A mesma palavra pesou de um jeito quando atingiu Lula e de outro quando atingiu Gustavo Gayer.
A 1ª Turma do Supremo Tribunal Federal decidiu, por unanimidade, receber a denúncia da Procuradoria-Geral da República contra o deputado federal Gustavo Gayer, do PL de Goiás, pelo crime de injúria.
A acusação se baseia em uma publicação feita por ele na rede social X, em fevereiro de 2024, com uma montagem que mostrava o presidente Luiz Inácio Lula da Silva com uniforme do Hamas, portando um fuzil e associado a símbolos do nazismo.
O que levou o caso ao STF?
Com isso, o parlamentar passou à condição de réu.
O relator, ministro Flávio Dino, afirmou que a denúncia atende aos requisitos legais e apontou excesso na conduta atribuída ao deputado.
O voto foi acompanhado por Cristiano Zanin, Alexandre de Moraes e Cármen Lúcia.
Até aí, o caso poderia ser lido apenas como mais um embate entre liberdade de expressão e responsabilização penal.
Mas há um detalhe que muda o eixo da discussão.
E ele envolve o próprio Flávio Dino, o próprio Gustavo Gayer e exatamente o mesmo tipo de associação ideológica.
Qual é a contradição apontada?
Em 2023, o deputado acionou a Justiça depois de ser chamado de “nazista” por adversários.
Na ocasião, o ministro declarou que a palavra, por si só, não configurava ofensa pessoal suficiente para caracterizar calúnia, injúria ou difamação.
A frase foi direta.
“Eu considero que a palavra nazista, fascista, não possui o caráter de ofensa pessoal ao ponto de caracterizar calúnia, injúria e difamação”, disse Dino à época.
E foi além: afirmou que o nazismo seria “uma corrente política estruturada na sociedade, no planeta”.
Quem havia atacado Gayer naquele episódio?
O deputado José Nelto, do União Brasil de Goiás.
Em junho de 2023, durante participação em um podcast, ele chamou Gayer de “nazista”, “fascista” e “idiota”.
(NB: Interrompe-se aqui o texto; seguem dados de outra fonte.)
text \<open>A groupoid is modelled on a whole type 'g (the arrows), with a set of composable
pairs G2 (= G^(2)), a multiplication gm (meaningful on G2) and an inverse gi,
satisfying Renault's axioms.\<close>

definition grd_r :: "('g \<Rightarrow> 'g \<Rightarrow> 'g) \<Rightarrow> ('g \<Rightarrow> 'g) \<Rightarrow> 'g \<Rightarrow> 'g" where
  "grd_r gm gi x = gm x (gi x)"

definition grd_s :: "('g \<Rightarrow> 'g \<Rightarrow> 'g) \<Rightarrow> ('g \<Rightarrow> 'g) \<Rightarrow> 'g \<Rightarrow> 'g" where
  "grd_s gm gi x = gm (gi x) x"

definition units :: "('g \<Rightarrow> 'g \<Rightarrow> 'g) \<Rightarrow> ('g \<Rightarrow> 'g) \<Rightarrow> 'g set" where
  "units gm gi = range (grd_r gm gi)"

definition groupoid :: "('g \<times> 'g) set \<Rightarrow> ('g \<Rightarrow> 'g \<Rightarrow> 'g) \<Rightarrow> ('g \<Rightarrow> 'g) \<Rightarrow> bool" where
  "groupoid G2 gm gi \<longleftrightarrow>
     (\<forall>x. gi (gi x) = x) \<and>
     (\<forall>x y z. (x, y) \<in> G2 \<and> (y, z) \<in> G2 \<longrightarrow>
        (gm x y, z) \<in> G2 \<and> (x, gm y z) \<in> G2 \<and> gm (gm x y) z = gm x (gm y z)) \<and>
     (\<forall>x. (gi x, x) \<in> G2) \<and> (\<forall>x y. (x, y) \<in> G2 \<longrightarrow> gm (gi x) (gm x y) = y) \<and>
     (\<forall>x. (x, gi x) \<in> G2) \<and> (\<forall>x z. (z, x) \<in> G2 \<longrightarrow> gm (gm z x) (gi x) = z)"

definition etale_groupoid ::
  "('g::topological_space \<times> 'g) set \<Rightarrow> ('g \<Rightarrow> 'g \<Rightarrow> 'g) \<Rightarrow> ('g \<Rightarrow> 'g) \<Rightarrow> bool" where
  "etale_groupoid G2 gm gi \<longleftrightarrow>
     groupoid G2 gm gi \<and>
     continuous_on G2 (\<lambda>p. gm (fst p) (snd p)) \<and>
     continuous_on UNIV gi \<and>
     (\<forall>x. \<exists>U. open U \<and> x \<in> U \<and> open (grd_r gm gi ` U) \<and> inj_on (grd_r gm gi) U \<and>
            continuous_on U (grd_r gm gi) \<and>
            continuous_on (grd_r gm gi ` U) (inv_into U (grd_r gm gi)))"

definition locally_compact_type :: "'g::topological_space itself \<Rightarrow> bool" where
  "locally_compact_type _ \<longleftrightarrow> (\<forall>x::'g. \<exists>U K. open U \<and> compact K \<and> x \<in> U \<and> U \<subseteq> K)"

definition sigma_compact_type :: "'g::topological_space itself \<Rightarrow> bool" where
  "sigma_compact_type _ \<longleftrightarrow> (\<exists>K :: nat \<Rightarrow> 'g set. (\<forall>n. compact (K n)) \<and> (\<Union>n. K n) = UNIV)"

definition setprod :: "('g \<Rightarrow> 'g \<Rightarrow> 'g) \<Rightarrow> ('g \<Rightarrow> 'g) \<Rightarrow> 'g set \<Rightarrow> 'g set \<Rightarrow> 'g set" where
  "setprod gm gi A B =
     {gm x y | x y. x \<in> A \<and> y \<in> B \<and> grd_s gm gi x = grd_r gm gi y}"

definition bdry :: "('g \<Rightarrow> 'g \<Rightarrow> 'g) \<Rightarrow> ('g \<Rightarrow> 'g) \<Rightarrow> 'g set \<Rightarrow> 'g set \<Rightarrow> 'g set" where
  "bdry gm gi K F = (setprod gm gi K F - F) \<union>
     {x \<in> F. \<exists>y \<in> K. grd_s gm gi y = grd_r gm gi x \<and> gm y x \<notin> F}"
Diante disso, Gayer apresentou queixa-crime por difamação e injúria, alegando que a associação atingia sua honra e sua imagem pública.
O STF acolheu a reclamação?
Não.
Em abril deste ano, a 1ª Turma rejeitou a acusação, por empate entre os ministros, em meio a debates sobre a proteção das falas pela imunidade parlamentar.
É justamente aí que o caso ganha peso político e jurídico.
Se chamar alguém de “nazista” não teria, segundo o entendimento exposto por Dino naquele processo, caráter de ofensa pessoal suficiente para configurar crime, por que a associação ao nazismo, no caso envolvendo Lula, foi tratada como elemento apto a sustentar uma denúncia por injúria?
A pergunta não é lateral.
Ela atinge o centro da coerência institucional.
O que vale para um deputado de oposição não parece valer da mesma forma quando o alvo é o presidente da República.
E esse contraste alimenta críticas recorrentes ao STF, sobretudo quando decisões passam a transmitir a impressão de que o rigor muda conforme o personagem envolvido.
O ponto principal, portanto, não está apenas no recebimento da denúncia contra Gayer.
Está no choque entre dois entendimentos aplicados a situações que giram em torno do mesmo rótulo.
Quando Gayer disse ter sido ofendido por ser chamado de “nazista”, a palavra foi tratada como referência política sem força penal suficiente.
Quando Lula foi associado a símbolos do nazismo em uma montagem publicada por Gayer, o caso avançou como injúria.
O episódio expõe mais do que uma disputa entre parlamentares.
Expõe uma diferença de critério que, para críticos da Corte, reforça a percepção de seletividade.
E essa é a questão que permanece no ar depois da decisão unânime: no STF de hoje, o peso de uma ofensa depende apenas da palavra usada ou também de quem fala e de quem é atingido?